Occupations with the Highest Potential for Dermal Chemical Exposure

NIOSH estimates that 13.2 million workers in the United States are exposed to OSHA skin-labeled chemicals. Workers exposed to potentially harmful skin contact include those working in industries and sectors such as agriculture, manufacturing, cosmetics, healthcare, cleaning, painting, machinery, printing/lithography and construction. Chemicals known to cause ICD and ACD are present in virtually every environment, and links between chemical exposure and other types of systemic disease continue to be identified and the mechanisms underlying them elucidated. I'm here. To raise awareness, the section below discusses some of the most common chemicals found in the industry and their potential health effects from occupational skin exposure.

Health Care

Occupational skin diseases, including ACD, ICD, and urticaria, occur commonly among healthcare workers. Some of the most common allergens in the healthcare profession include biocides commonly used for applications such as the sterilization of medical devices that are sensitive to normal heat or steam sterilization processes [glutaraldehyde and ortho-phthalaldehyde (OPA)] and the disinfection of surfaces (quaternary ammonia compounds) [16]. Medical gloves containing certain rubber accelerators (thiuram mix and carba mix), and antibacterial hand sanitizers and soaps (chloroxylenol and cocamide diethanolamine) have also been identified as common sources of allergens [16]. In general, there are increased rates of ACD for healthcare workers compared to non-healthcare workers for the majority of the above-mentioned allergens [17].
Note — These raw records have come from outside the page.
(* Coordinate j is seen in the training set with probability 1 - (1 - j^(-s))^D, where
   s = alpha1 + 1 > 1.  Pulling the sum over j back along x = j^(-s), where each interval
   [(j+1)^(-s), j^(-s)] has mass one for the density x^(-1/s-1)/s, the increasing function
   1 - (1 - x)^D shows that the expected count lies within 1 of the integral of
   (1 - (1 - x)^D) x^(-1/s-1)/s over [0,1].  Writing 1 - (1 - x)^D = x * sum_{k<D} (1 - x)^k
   turns this integral into a telescoping sum of Beta integrals with value
   Gamma(1 - 1/s) Gamma(D + 1) / Gamma(D + 1 - 1/s) - 1, and
   Gamma(D + 1) / Gamma(D + 1 - 1/s) ~ D^(1/s). *)

lemma prob_Pi_pmf_bernoulli_ex:
  fixes p :: real
  assumes "0 \<le> p" "p \<le> 1"
  shows "measure_pmf.prob (Pi_pmf {..<D} False (\<lambda>_. bernoulli_pmf p)) {f. \<exists>i<D. f i}
           = 1 - (1 - p) ^ D"
proof -
  let ?M = "Pi_pmf {..<D} False (\<lambda>_. bernoulli_pmf p)"
  have "{f. \<exists>i<D. f i} = UNIV - Pi {..<D} (\<lambda>_. {False})" by auto
  then have "measure_pmf.prob ?M {f. \<exists>i<D. f i} = 1 - measure_pmf.prob ?M (Pi {..<D} (\<lambda>_. {False}))"
    using measure_pmf.prob_compl[of "Pi {..<D} (\<lambda>_. {False})" ?M] by simp
  also have "measure_pmf.prob ?M (Pi {..<D} (\<lambda>_. {False})) =
      (\<Prod>i<D. measure_pmf.prob (bernoulli_pmf p) {False})"
    by (rule measure_Pi_pmf_Pi) simp
  also have "\<dots> = (1 - p) ^ D" using assms by (simp add: measure_pmf_single)
  finally show ?thesis .
qed

lemma act_prob_le_one:
  assumes "a1 \<ge> -1"
  shows "act_prob a1 j \<le> 1"
proof (cases "j = 0")
  case False
  then have "act_prob a1 j \<le> real j powr 0"
    unfolding act_prob_def using assms by (intro powr_mono) auto
  with False show ?thesis by simp
qed (simp add: act_prob_def)

lemma prob_active_eq:
  assumes "a1 \<ge> -1"
  shows "prob_active a1 D j = 1 - (1 - act_prob a1 j) ^ D"
proof -
  have "0 \<le> act_prob a1 j" by (simp add: act_prob_def)
  with act_prob_le_one[OF assms] show ?thesis
    unfolding prob_active_def by (rule prob_Pi_pmf_bernoulli_ex[rotated])
qed

lemma has_integral_Beta_nat:
  fixes a :: real
  assumes "a > 0"
  shows "((\<lambda>x. x powr (a - 1) * (1 - x) ^ k) has_integral Beta a (real k + 1)) {0..1}"
proof -
  have "((\<lambda>x. x powr (a - 1) * (1 - x) powr (real k + 1 - 1)) has_integral Beta a (real k + 1)) {0..1}"
    using assms by (intro has_integral_Beta_real) auto
  then show ?thesis
    by (rule has_integral_spike_finite[of "{1}", rotated 2]) (auto simp: powr_realpow)
qed

lemma sum_Beta_telescope:
  fixes a :: real
  assumes "a > 0"
  shows "(1 - a) * (\<Sum>k<n. Beta a (real k + 1)) = Gamma a * Gamma (real n + 1) / Gamma (real n + a) - 1"
proof (induction n)
  case 0
  show ?case using Gamma_real_pos[OF assms] by simp
next
  case (Suc n)
  define b where "b = real n + a"
  have pos: "b > 0" "Gamma b > 0"
    using assms by (auto simp: b_def)
  have "real n + 1 \<notin> \<int>\<^sub>\<le>\<^sub>0" "b \<notin> \<int>\<^sub>\<le>\<^sub>0"
    using pos by auto
  from this[THEN Gamma_plus1]
  have Gamma_Suc: "Gamma (real (Suc n) + 1) = (real n + 1) * Gamma (real n + 1)"
    "Gamma (real (Suc n) + a) = b * Gamma b"
    "Beta a (real n + 1) = Gamma a * Gamma (real n + 1) / (b * Gamma b)"
    by (simp_all add: Beta_def b_def add_ac)
  have "(1 - a) * Beta a (real n + 1) = (1 - a) * (Gamma a * Gamma (real n + 1) / (b * Gamma b))"
    by (simp only: Gamma_Suc)
  also have "\<dots> = Gamma a * ((real n + 1) * Gamma (real n + 1)) / (b * Gamma b) - Gamma a * Gamma (real n + 1) / Gamma b"
    using pos by (simp add: divide_simps) (simp add: b_def algebra_simps)
  also have "\<dots> = Gamma a * Gamma (real (Suc n) + 1) / Gamma (real (Suc n) + a) - Gamma a * Gamma (real n + 1) / Gamma b"
    by (simp only: Gamma_Suc)
  finally show ?case using Suc.IH by (simp add: distrib_left b_def)
qed

(* Minus the derivative of x^(-1/s), which up to rounding counts the j >= 1 with j^(-s) >= x. *)
definition count_density :: "real \<Rightarrow> real \<Rightarrow> real" where
  "count_density s x = x powr (- 1 / s - 1) / s"

lemma has_integral_count_density:
  assumes "0 < p" "p \<le> q"
  shows "(count_density s has_integral (p powr (- 1 / s) - q powr (- 1 / s))) {p..q}"
proof -
  have "(count_density s has_integral (- (q powr (- 1 / s)) - - (p powr (- 1 / s)))) {p..q}"
  proof (rule fundamental_theorem_of_calculus[OF assms(2), where f = "\<lambda>z. - (z powr (- 1 / s))"])
    fix x assume "x \<in> {p..q}"
    then have "x > 0" using assms by auto
    then have "((\<lambda>z. - (z powr (- 1 / s))) has_real_derivative - ((- 1 / s) * x powr (- 1 / s - 1))) (at x)"
      by (intro DERIV_minus has_real_derivative_powr)
    then have "((\<lambda>z. - (z powr (- 1 / s))) has_real_derivative count_density s x) (at x)"
      by (simp add: count_density_def)
    then show "((\<lambda>z. - (z powr (- 1 / s))) has_vector_derivative count_density s x) (at x within {p..q})"
      unfolding has_real_derivative_iff_has_vector_derivative by (rule has_vector_derivative_at_within)
  qed
  then show ?thesis by (rule has_integral_eq_rhs) simp
qed

lemma count_density_nonneg: "s > 0 \<Longrightarrow> 0 \<le> count_density s x"
  by (simp add: count_density_def)
lemma card_SYT_two_rows: "b \<le> a \<Longrightarrow> real (card (SYT [a, b])) = skew_ballot 0 0 a b"
proof (induction "a + b" arbitrary: a b)
  case 0
  then show ?case
    by (simp add: SYT_0_0 skew_ballot_def)
next
  case (Suc n)
  have "real (card (SYT [a, b])) = (if b < a then skew_ballot 0 0 (a - 1) b else 0)
                                  + (if 1 \<le> b then skew_ballot 0 0 a (b - 1) else 0)"
    using card_SYT_two_rows_filter[of b a "\<lambda>_. True"] Suc by simp
  also have "\<dots> = skew_ballot 0 0 a b"
  proof (cases "b = 0")
    case True
    then show ?thesis
      using Suc.hyps(2) skew_ballot_first_row_only[of 0 0] by simp
  next
    case False
    moreover have "b = a \<Longrightarrow> skew_ballot 0 0 (a - 1) b = 0"
      using False skew_ballot_above_diagonal[of 0 "a - 1" 0] by (cases a) simp_all
    ultimately show ?thesis
      using skew_ballot_rec[of 0 0 a b] Suc.prems by auto
  qed
  finally show ?case .
qed
theorem lemma1:
  fixes M :: "'a measure" and Z :: "'a \<Rightarrow> real" and \<psi> :: "real \<Rightarrow> real"
    and m :: nat and q :: real
  assumes "prob_space M"
    and "Z \<in> borel_measurable M"
    and "AE \<omega> in M. Z \<omega> > 0"
    and "cm_generator \<psi>"
    and "\<And>t. t \<ge> 0 \<Longrightarrow> \<psi> t = (\<integral>\<omega>. exp (- t * Z \<omega>) \<partial>M)"
    and "m \<ge> 2" and "0 < q" and "q < 1"
  shows
    "(let zstar = ln (real m) / (gen_inv \<psi> (q / real m) - gen_inv \<psi> q);
          \<gamma>min = (\<integral>z. Min ((\<lambda>k. exp (- z * gen_inv \<psi> (real k * q / real m)) / (real k * q / real m)) ` {1..m})
                    \<partial>(distr M borel Z))
      in \<gamma>min = 1 - (LINT z:{0..zstar}|distr M borel Z.
                        gcond \<psi> (gen_inv \<psi> (q / real m)) z - gcond \<psi> (gen_inv \<psi> q) z)
       \<and> \<gamma>min = 1 - (\<integral>\<omega>. (gcond \<psi> (gen_inv \<psi> (q / real m)) (Z \<omega>) - gcond \<psi> (gen_inv \<psi> q) (Z \<omega>))
                         * indicator {0..zstar} (Z \<omega>) \<partial>M))"
proof -
  interpret laplace_generator M Z \<psi>
    using assms(1-5)
    by (simp add: laplace_generator_def laplace_generator_axioms_def
        laplace_transform_of_positive_def laplace_transform_of_positive_axioms_def)
  define x1 where "x1 = gen_inv \<psi> (q / real m)"
  define xm where "xm = gen_inv \<psi> q"
  define zstar where "zstar = ln (real m) / (x1 - xm)"
  have q_div: "0 < q / real m" "q / real m < q"
    using assms(6-8) by (auto simp: field_simps)
  have x1: "x1 \<ge> 0" "\<psi> x1 = q / real m" and xm: "xm \<ge> 0" "\<psi> xm = q" and "xm < x1"
    using gen_inv_nonneg_and_psi[of "q / real m"] gen_inv_nonneg_and_psi[of q]
      gen_inv_less_gen_inv_iff[of "q / real m" q] q_div assms(7,8)
    by (auto simp: x1_def xm_def)
  then have min_eq: "min (gcond \<psi> xm z) (gcond \<psi> x1 z) = (if z \<le> zstar then gcond \<psi> xm z else gcond \<psi> x1 z)"
    for z
    using gcond_le_gcond_iff[of xm x1 z] assms(7) q_div by (simp add: zstar_def min_def)
  have Min_eq: "Min ((\<lambda>k. exp (- z * gen_inv \<psi> (real k * q / real m)) / (real k * q / real m)) ` {1..m})
      = (if z \<le> zstar then gcond \<psi> xm z else gcond \<psi> x1 z)" for z
    using Min_levels_eq_min_endpoints[of m q z] min_eq[of z] assms(6-8) by (simp add: x1_def xm_def)
  have "(\<integral>z. Min ((\<lambda>k. exp (- z * gen_inv \<psi> (real k * q / real m)) / (real k * q / real m)) ` {1..m})
      \<partial>distr M borel Z) = (\<integral>\<omega>. (if Z \<omega> \<le> zstar then gcond \<psi> xm (Z \<omega>) else gcond \<psi> x1 (Z \<omega>)) \<partial>M)"
    unfolding Min_eq by (rule integral_distr) auto
  also have "\<dots> = 1 - (\<integral>\<omega>. (gcond \<psi> x1 (Z \<omega>) - gcond \<psi> xm (Z \<omega>)) * indicator {0..zstar} (Z \<omega>) \<partial>M)"
    by (rule integral_gcond_switch) (use x1 xm in auto)
  finally show ?thesis
    unfolding Let_def set_lebesgue_integral_def
    by (simp add: integral_distr mult.commute flip: x1_def xm_def zstar_def)
qed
For over 40 years, glutaraldehyde was the primary choice for disinfecting heat-sensitive medical devices with 376,330 workers exposed to glutaraldehyde from 1981 to 1983; its toxicity has been well described, and its use has been associated with dermatitis and occupational asthma. ACD from glutaraldehyde often causes chronic dermatitis, which frequently forces patients to leave their jobs. Owing to the known toxicities of glutaraldehyde, less offensive and presumably safer alternatives such as OPA have been introduced. OPA, the active ingredient present in Cidex OPA, has shown superior antimycobactericidal activity compared to that of glutaraldehyde, allowing for its use at lower concentrations. While there is limited toxicity data in humans and animals, there is evidence that similar to glutaraldehyde, OPA exposure can induce ana-phylaxis and IgE-mediated allergic responses. Fujita et al reported a case involving a female nurse who exhibited slight dyspnea and dry cough with a subsequent diagnosis of bronchial asthma and serous papules, and urticaria after working with OPA [18]. Animal studies also suggest that dermal exposure to OPA induces significant irritation and sensitization. Owing to its low volatility; it is presumed that the skin may be a significant route of exposure. Although a direct link between skin exposure to triclosan and human health has not been fully proven, the above studies raise concerns regarding exposure to this chemical.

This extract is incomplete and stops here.